Sicuramente vedere se c’è un ritardo nello sviluppo del linguaggio e se sono presenti alcune stereotipie motorie. Per fare un esempio, se la mamma o il papà cerca di stimolare il sorriso o la comunicazione, ma la cosa è unidirezionale o aspecifica e non sincrona, ci potrebbe essere un campanello d’allarme.
Come si spiega il fatto che ci siano più maschi che femmine diagnosticati?

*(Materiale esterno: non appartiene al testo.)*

lemma abs_cont_on_inverse:
  assumes "c > 0" "S \<subseteq> {c..}" shows "abs_cont_on S inverse"
proof (rule abs_cont_on_dominated[OF abs_cont_on_ident abs_cont_on_ident, of "1 / c\<^sup>2" 0])
  fix x y assume "x \<in> S" "y \<in> S"
  then have "c \<le> x" "c \<le> y" using assms by auto
  then have "c\<^sup>2 \<le> x * y" using \<open>c > 0\<close> by (metis mult_mono' less_imp_le power2_eq_square)
  then have "\<bar>x - y\<bar> / (x * y) \<le> \<bar>x - y\<bar> / c\<^sup>2"
    using \<open>c > 0\<close> \<open>c \<le> x\<close> \<open>c \<le> y\<close> by (intro divide_left_mono) auto
  moreover have "\<bar>inverse x - inverse y\<bar> = \<bar>x - y\<bar> / (x * y)"
    using \<open>c \<le> x\<close> \<open>c \<le> y\<close> \<open>c > 0\<close> by (simp add: field_simps abs_minus_commute)
  ultimately show "\<bar>inverse x - inverse y\<bar> \<le> 1 / c\<^sup>2 * \<bar>x - y\<bar> + 0 * \<bar>x - y\<bar>" by simp
qed simp_all

lemma abs_cont_on_divide_ident:
  assumes "abs_cont_on {a..b} f" "0 < a"
  shows "abs_cont_on {a..b} (\<lambda>x. f x / x)"
  using abs_cont_on_mult[OF compact_Icc assms(1) abs_cont_on_inverse[OF \<open>0 < a\<close>, of "{a..b}"]]
  by (simp add: divide_inverse)

lemma concave_on_subset: "concave_on T f \<Longrightarrow> S \<subseteq> T \<Longrightarrow> convex S \<Longrightarrow> concave_on S f"
  unfolding concave_on_def by (rule convex_on_subset)

lemma countable_discontinuities_antimono_on:
  fixes f :: "real \<Rightarrow> real"
  assumes "open A" "antimono_on A f"
  shows "countable {x \<in> A. \<not> isCont f x}"
proof -
  have "mono_on A (\<lambda>x. - f x)"
    using assms(2) by (auto simp: monotone_on_def)
  then have "countable {x \<in> A. \<not> isCont (\<lambda>x. - f x) x}"
    by (rule mono_on_ctble_discont_open[OF \<open>open A\<close>])
  moreover have "isCont f x" if "isCont (\<lambda>x. - f x) x" for x
    using isCont_minus[OF that] by simp
  then have "{x \<in> A. \<not> isCont f x} \<subseteq> {x \<in> A. \<not> isCont (\<lambda>x. - f x) x}" by blast
  ultimately show ?thesis by (rule countable_subset[rotated])
qed

lemma concave_on_imp_below_tangent:
  fixes f :: "real \<Rightarrow> real"
  assumes "concave_on A f" "connected A" "c \<in> interior A" "x \<in> A"
    and "(f has_real_derivative f') (at c within A)"
  shows "f x - f c \<le> f' * (x - c)"
  using convex_on_imp_above_tangent[of A "\<lambda>x. - f x" c x "- f'"] assms
  by (simp add: concave_on_def DERIV_minus)

lemma concave_on_deriv_antimono:
  fixes f :: "real \<Rightarrow> real"
  assumes "concave_on {a<..<b} f" "x \<in> {a<..<b}" "y \<in> {a<..<b}" "x \<le> y"
    and "(f has_real_derivative Dx) (at x)" "(f has_real_derivative Dy) (at y)"
  shows "Dy \<le> Dx"
proof -
  have "f y - f x \<le> Dx * (y - x)" "f x - f y \<le> Dy * (x - y)"
    using assms by (auto intro!: concave_on_imp_below_tangent has_field_derivative_at_within)
  then have "Dy * (y - x) \<le> Dx * (y - x)" by (simp add: algebra_simps)
  show ?thesis
  proof (cases "x = y")
    case True
    then show ?thesis using DERIV_unique[OF assms(5)[unfolded True] assms(6)] by simp
  next
    case False
    with \<open>x \<le> y\<close> have "0 < y - x" by simp
    with \<open>Dy * (y - x) \<le> Dx * (y - x)\<close> show ?thesis by (simp add: mult_le_cancel_right_pos)
  qed
qed

lemma concave_on_slope_le:
  fixes f :: "real \<Rightarrow> real"
  assumes "concave_on {a<..<b} f" "a < x" "x < t" "t < y" "y < b"
  shows "(f y - f x) / (y - x) \<le> (f t - f x) / (t - x)"
    and "(f y - f t) / (y - t) \<le> (f y - f x) / (y - x)"
proof -
  have "convex_on {a<..<b} (\<lambda>x. - f x)" using assms(1) by (simp add: concave_on_def)
  from convex_on_slope_le[OF this, of x y t] assms
  have "(f t - f x) / (x - t) \<le> (f y - f x) / (x - y)" "(f y - f x) / (x - y) \<le> (f y - f t) / (t - y)"
    by (simp_all add: minus_divide_left[symmetric])
  moreover have neg: "u / (v - w) = - (u / (w - v))" for u v w :: real
    by (metis minus_diff_eq divide_minus_right)
  ultimately show "(f y - f x) / (y - x) \<le> (f t - f x) / (t - x)"
    and "(f y - f t) / (y - t) \<le> (f y - f x) / (y - x)"
    using neg[of "f t - f x" x t] neg[of "f y - f x" x y] neg[of "f y - f t" t y] by linarith+
qed

(* For concave f this is the right derivative. Being antitone it has only countably many
   discontinuities, and f is differentiable at every point of continuity. *)
definition sup_right_slope :: "real \<Rightarrow> (real \<Rightarrow> real) \<Rightarrow> real \<Rightarrow> real" where
  "sup_right_slope b f s = Sup ((\<lambda>y. (f y - f s) / (y - s)) ` {s<..<b})"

Il rapporto è variabile. Se consideriamo lo spettro dell’autismo in tutti i suoi tre livelli, abbiamo un rapporto circa di una femmina ogni quattro maschi. Se andiamo ad analizzare solo il livello tre, quello con maggiore necessità di supporto, abbiamo un rapporto di uno a uno. Se però guardiamo al livello uno, in cui ci sono persone che hanno buone competenze verbali e cognitive, abbiamo un rapporto di dieci a uno. Questo è dovuto a quello che dicevamo prima: le femmine riescono a compensare a livello sociale, trascorrono molto tempo a imitare i comportamenti di donne giudicate vincenti o ben inserite. È ovvio, però, che si riesce a compensare solo fino a un certo punto: in epoca Covid, per esempio, ci sono state tantissime diagnosi. È come se la pandemia avesse svelato una problematica che c’era da tempo.